The U2charist was initially started in the U.S. Episcopal Church but has been adapted by several other denominations. It is typically a liturgical service (including communion) that features the music of the rock band U2 and a message about God's call to rally around the Millennium Development Goals. The U2charist is held by supporters to be a great opportunity to reach out to people in their congregations and larger communities, especially young people, with messages of global reconciliation and justice for the poor and oppressed. Bono, U2's lead singer, has been a particularly vocal proponent of the Millennium Development Goals, and has been proclaimed as a global MDG ambassador. The U2charist seeks to raise awareness of the MDGs and call people worldwide to a deeper faith and engagement with God's mission.

==History==
Although churches have used U2's music in liturgy for many years, the first U2charist was designed by Sarah Dylan Breuer in 2003, with the service held in Baltimore, Maryland, in April 2004. Breuer was a contributor to the book Get Up Off Your Knees: Preaching the U2 Catalog (Cowley Publications, 2003), and was inspired to create the U2charist by her reflection on spiritual themes in U2's music as she wrote her contributions to the book. The service spread quickly by word of mouth and over the Internet, particularly after the Episcopal Diocese of Maryland held a U2charist at their conference for all diocesan clergy in October 2004, after which many clergy present held U2charists with the assistance of the "Without Walls" worship team throughout 2004 and 2005, with the St. Mary's Outreach Center in Baltimore, Maryland, where the U2charist first took hold, as its base of operations.

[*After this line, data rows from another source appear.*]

lemma tensor_elim:
  "sup (Tensor \<phi> \<psi>) B L \<Longrightarrow> ante sup [\<phi>, \<psi>] B K (sup \<chi>) \<Longrightarrow> sup \<chi> B (L + K)"
proof (induction \<chi> arbitrary: B L K)
  case (Atom p)
  have "sup (Atom p) = (\<lambda>C M. derives C M p)"
    by (simp add: fun_eq_iff)
  with tensor_elim_atom[OF Atom(1)] Atom(2) show ?case by simp
next
  case Top
  then show ?case by simp
next
  case Zero
  have "derives B (L + K + K') p" for p K'
  proof -
    have "ante sup [\<phi>, \<psi>] B (K + K') (\<lambda>C M. derives C M p)"
      using ante_extend_conclusion[OF Zero(2)] by simp
    then have "derives B (L + (K + K')) p"
      by (rule tensor_elim_atom[OF Zero(1)])
    then show ?thesis by (simp add: ac_simps)
  qed
  then show ?case by simp
next
  case One
  from sup.simps(4) derives_mono One show ?case
    by (rule tensor_elim_into_elimination_form)
next
  case (Tensor a b)
  from sup.simps(3) ante_mono Tensor(3,4) show ?case
    by (rule tensor_elim_into_elimination_form)
next
  case (Plus a b)
  show ?case
  proof (rule tensor_elim_into_elimination_form
      [where E = "\<lambda>C K p. ante sup [a] C K (\<lambda>C' M. derives C' M p)
                        \<and> ante sup [b] C K (\<lambda>C' M. derives C' M p)"])
    show "sup (Plus a b) B' L' \<longleftrightarrow>
      (\<forall>C K p. B' \<subseteq> C \<longrightarrow> ante sup [a] C K (\<lambda>C' M. derives C' M p)
                      \<and> ante sup [b] C K (\<lambda>C' M. derives C' M p) \<longrightarrow> derives C (L' + K) p)"
      for B' L' by auto
  qed (use Plus(3,4) ante_mono in blast)+
next
  case (Bang a)
  have premise_mono: "\<forall>E. D \<subseteq> E \<longrightarrow> sup a E {#} \<longrightarrow> derives E K p"
    if "\<forall>E. C \<subseteq> E \<longrightarrow> sup a E {#} \<longrightarrow> derives E K p" and "C \<subseteq> D" for C D K p
    using that by blast
  from sup.simps(9) premise_mono Bang(2,3) show ?case
    by (rule tensor_elim_into_elimination_form)
next
  case (With a b)
  have "ante sup [\<phi>, \<psi>] B (K + {#}) (sup a)" "ante sup [\<phi>, \<psi>] B (K + {#}) (sup b)"
    by (rule ante_extend_conclusion[OF With(4)], simp)+
  with With show ?case by simp
next
  case (Lolli a b)
  from Lolli(2-4) show ?case by (rule tensor_elim_lolli)
qed

theorem lemma5:
  fixes B :: "'a base" and L K :: "'a multiset" and \<phi> \<psi> \<chi> :: "'a form"
  assumes "sup (Tensor \<phi> \<psi>) B L"
    and "supports [\<phi>, \<psi>] B K \<chi>"
  shows "sup \<chi> B (L + K)"
  using tensor_elim[OF assms(1)] assms(2) unfolding supports_def by simp

end
lemma card_WReach_ear_side:
  assumes e: "strict_ear G ys" and t: "0 < t" "t < length ys - 1" and k: "0 < k" "k < t"
    and up: "\<And>i j. 0 < i \<Longrightarrow> i < j \<Longrightarrow> j < t \<Longrightarrow> \<pi> (ys ! i) < \<pi> (ys ! j)"
    and sink: "\<And>i. 0 < i \<Longrightarrow> i < length ys - 1 \<Longrightarrow> i \<noteq> t \<Longrightarrow> \<pi> (ys ! t) < \<pi> (ys ! i)"
    and above: "\<And>x y. x \<in> internal ys \<Longrightarrow> y \<in> verts G - internal ys \<Longrightarrow> \<pi> y < \<pi> x"
    and sl: "s < length ys - 1 - t"
    and fin: "finite (verts G)" and qt: "q \<le> t" and sq: "s < q"
    and start: "k \<le> s \<Longrightarrow>
      card (WReach (s - k) (del_verts G (internal ys)) \<pi> (ys ! 0)) \<le> wreach_bound q (s - k)"
  shows "card (WReach s G \<pi> (ys ! k)) \<le> wreach_bound q s"
proof -
  let ?A = "(\<lambda>i. ys ! i) ` {k - min s (k - 1)..k}"
  let ?B = "(if t - k \<le> s then {ys ! t} else {})"
  let ?C = "(if k \<le> s then WReach (s - k) (del_verts G (internal ys)) \<pi> (ys ! 0) else {})"
  have fin': "finite (verts (del_verts G (internal ys)))" using fin by (simp add: verts_del_verts)
  have finC: "finite ?C" using finite_WReach[OF fin'] by simp
  have cA: "card ?A \<le> min s (k - 1) + 1"
  proof -
    have "card ?A \<le> card {k - min s (k - 1)..k}" by (rule card_image_le) simp
    also have "\<dots> = min s (k - 1) + 1" using k by simp
    finally show ?thesis .
  qed
  have cB: "card ?B \<le> (if t - k \<le> s then 1 else 0)" by simp
  have cC: "card ?C \<le> (if k \<le> s then wreach_bound q (s - k) else 0)" using start by simp
  have "card (WReach s G \<pi> (ys ! k)) \<le> card (?A \<union> ?B \<union> ?C)"
    using WReach_ear_side_subset[where \<pi> = \<pi>, OF e t k up sink above sl] finC
    by (intro card_mono) auto
  also have "\<dots> \<le> card ?A + card ?B + card ?C"
    by (meson card_Un_le add_le_mono order_trans le_refl)
  also have "\<dots> \<le> min s (k - 1) + 1 + (if t - k \<le> s then 1 else 0) +
      (if k \<le> s then wreach_bound q (s - k) else 0)"
    using cA cB cC by linarith
  also have "\<dots> \<le> wreach_bound q s" using wreach_bound_ear_side[OF k(1) k(2) qt sq] .
  finally show ?thesis .
qed
(* Let $G$ be a circle of circumference $1$, let $\mathbf{x}\in G^n$ be such that the agents are not on one semicircle, and let $i\in N$, $x_i'\in G$ be such that the agents in $\mathbf{x}'=(x_i',\mathbf{x}_{-i})$ are not on one semicircle. Then $\mathrm{cost}(\mathrm{rc}(\mathbf{x}),x_i)\le\mathrm{cost}(\mathrm{rc}(\mathbf{x}'),x_i)$.
   Context: $d(x,y)$ is the shorter-arc length; $\hat x$ the antipode of $x$; $\mathrm{cost}(P,x_i)=\mathbb{E}_{y\sim P}[d(x_i,y)]$. Agents are on one semicircle if all locations lie in some closed arc of length $1/2$. RC: the antipodal points $\hat{x}_1,\dots,\hat{x}_n$ partition $G$ into arcs between cyclically consecutive antipodal points; $\mathrm{rc}$ returns the midpoint of each such arc with probability equal to its length. *)

theory Defs
  imports "HOL-Probability.Probability"
begin

text \<open>The circle G of circumference 1 is represented by the reals modulo 1:
  a real number t denotes the point frac t in [0,1).\<close>

definition circ_dist :: "real \<Rightarrow> real \<Rightarrow> real" where
  "circ_dist x y = min (frac (x - y)) (1 - frac (x - y))"

definition antipode :: "real \<Rightarrow> real" where
  "antipode x = frac (x + 1/2)"

definition on_semicircle :: "nat \<Rightarrow> (nat \<Rightarrow> real) \<Rightarrow> bool" where
  "on_semicircle n x \<longleftrightarrow> (\<exists>c. \<forall>i<n. frac (x i - c) \<le> 1/2)"

text \<open>Distinct antipodal points in increasing order in [0,1), closed up cyclically
  by appending the first one plus 1.\<close>
definition rc_points :: "nat \<Rightarrow> (nat \<Rightarrow> real) \<Rightarrow> real list" where
  "rc_points n x = (let L = sorted_list_of_set ((\<lambda>i. antipode (x i)) ` {..<n})
                    in L @ [hd L + 1])"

After consulting with Breuer, the Rev. Paige Blair, rector of St. George's Episcopal Church in York Harbor, Maine, along with several of her parishioners, held her first U2charist on Sunday evening, July 31, 2005. Since that time, Blair has appeared numerous times in the media as an advocate for the U2charist.

Since the U2charist began in 2004, it spread quickly around the world, with services being held in numerous countries, including a “U2-dienst” (U2-service), started by the Rev. Jan Andries de Boer from Broek op Langedijk in the Netherlands in 2006., as well as services in Australia, Italy, and Mexico.
The first U2charist in England took place on 26 May 2007 at St Swithun's Church, Lincoln Diocese with the Bishop of Grantham presiding. The U2charist Project in Lincoln was still running these services in 2011, alongside a variety of other social justice projects.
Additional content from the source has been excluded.